E ora emerge sta scaricando e compilando un sacco di sorgenti   :Shocked:   Non capisco come mai scarica 142 pacchetti solo per WPA_supplicant,possibile che siano tutte dipendenza?[/code]

----------

## djinnZ

Probabilmente hai solo installato il sistema base ed hai scelto il profilo, riservandoti di installare WM/DE successivamente, presumendo che il profilo sia desktop/kde hai la use "qt4" attiva e pertanto, prima di poter compilare wpa_supplicant con l'apposita interfaccia grafica QT (come richiesto dall'apposita use), il portage si tira prima giù tutta la madonnina delle librerie X, ncurses e QT necessarie a poter eseguire, almeno su X remoto, detta interfaccia. Questo perchè la libreria QT su cui poggia richiede automake e librerie di base di kde che a loro volta richiedono le librerie base di X che a loro volta richiederanno qualcos'altro ed ncurses ... è un'altra interfaccia possibile.

capito il meccanismo?

----------

## source-based

Si io ho impostato il supporto a KDE e qt4 nella variabile USE,ma contando sul fatto di poter accedere a internet ho deciso di installare il server X e KDE dopo il primo  boot.

Non ho ancora ben capito il funzionamento di portage,ma col tempo ci arrivo.Poi vorrei sapere che sono le o gli ebuild.

Intanto il PC scarso sta ancora compilando wpa_supplicant   :Rolling Eyes: 

----------

## djinnZ

Intanto quelle librerie che ti sta compilando ti serviranno comunque se hai intenzione di usare KDE, quindi poco male. Prima o dopo non fa grande differenza (ma ricorda di lanciare un emerge -aDNuv più spesso del normale) *source-based wrote:*   

> Poi vorrei sapere che sono le o gli ebuild.

 Che minghia dicisti? Cosa vuoi sapere? Se metti la parte mancante ti posso rispondere.

----------

## source-based

Quello che voglio capire è se le ebuild sono l'equivalente dei pacchetti .deb in Debian,Ubuntu etc.. 

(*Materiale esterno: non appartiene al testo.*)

lemma phi_has_continuous_derivative:
  "\<exists>phi'. (\<forall>y. (phi D a g A B C K has_vector_derivative phi' y) (at y)) \<and> continuous_on UNIV phi'"
proof -
  define r where "r = (\<chi> i::2+2. case i of Inl p \<Rightarrow> C $ p | Inr p \<Rightarrow> K $ p - (1 / D) * (C \<bullet> B) * C $ p)"
  define N where "N = N1 D a g A B C"
  define c where "c i j = (\<lambda>n. mpow N n $ i $ Inl j / fact n)" for i j
  define phi' where "phi' y = (\<chi> j. \<Sum>i\<in>UNIV. r $ i * (\<Sum>n. diffs (c i j) n * y ^ n))" for y
  have phi_eq: "phi D a g A B C K = (\<lambda>y. \<chi> j. \<Sum>i\<in>UNIV. r $ i * mat_exp (y *\<^sub>R N) $ i $ Inl j)"
    unfolding phi_def r_def N_def Let_def by simp
  have "(phi D a g A B C K has_vector_derivative phi' y) (at y)" for y
    unfolding phi_eq phi'_def
    by (rule has_vector_derivative_vec_lambda)
      (auto intro!: derivative_eq_intros mat_exp_scaleR_entry_has_derivative(1)
        simp: c_def mult.commute)
  moreover have "continuous_on UNIV phi'"
    unfolding phi'_def c_def
    by (intro continuous_intros mat_exp_scaleR_entry_has_derivative(2))
  ultimately show ?thesis by blast
qed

L'unica cosa che ho capito(altrimenti non avrei installato gentoo) è che emerge scarica i sorgenti,li configura e li compila.Questi sorgenti si chiamano ebuild in gentoo?

----------

## djinnZ

I pacchetti sorgente deb contengono i sorgenti o gli eseguibili e gli script o le patch necessari per configurarli ed installarli. In gentoo gli ebuild sono solo degli script ed i pacchetti sorgenti sono solo degli archivi dei sorgenti ed i pacchetti binari sono solo dei tar compressi con i file da piazzare sul disco. Nulla di più.

Se dai uno sguardo vedrai che sono dei semplici script.

Se volessi linux from scratch dovrei sobbarcarmi delle seguenti operazioni: capire quali pacchetti mi servono che siano installati per poter compilare (e questo lo fa portage per te), scaricare i sorgenti esploderli ed applicare le patch, lanciare il make configure o l'automake con le opportune opzioni (with-qt, with-no-qt e similari), compilare, lanciare l'installazione (e portage fa in modo da determinare cosa viene copiato sul disco dall'installer archiviandolo in /var/db/pkg).

L'ebuild non è altro che uno script con queste informazioni.[/list]

----------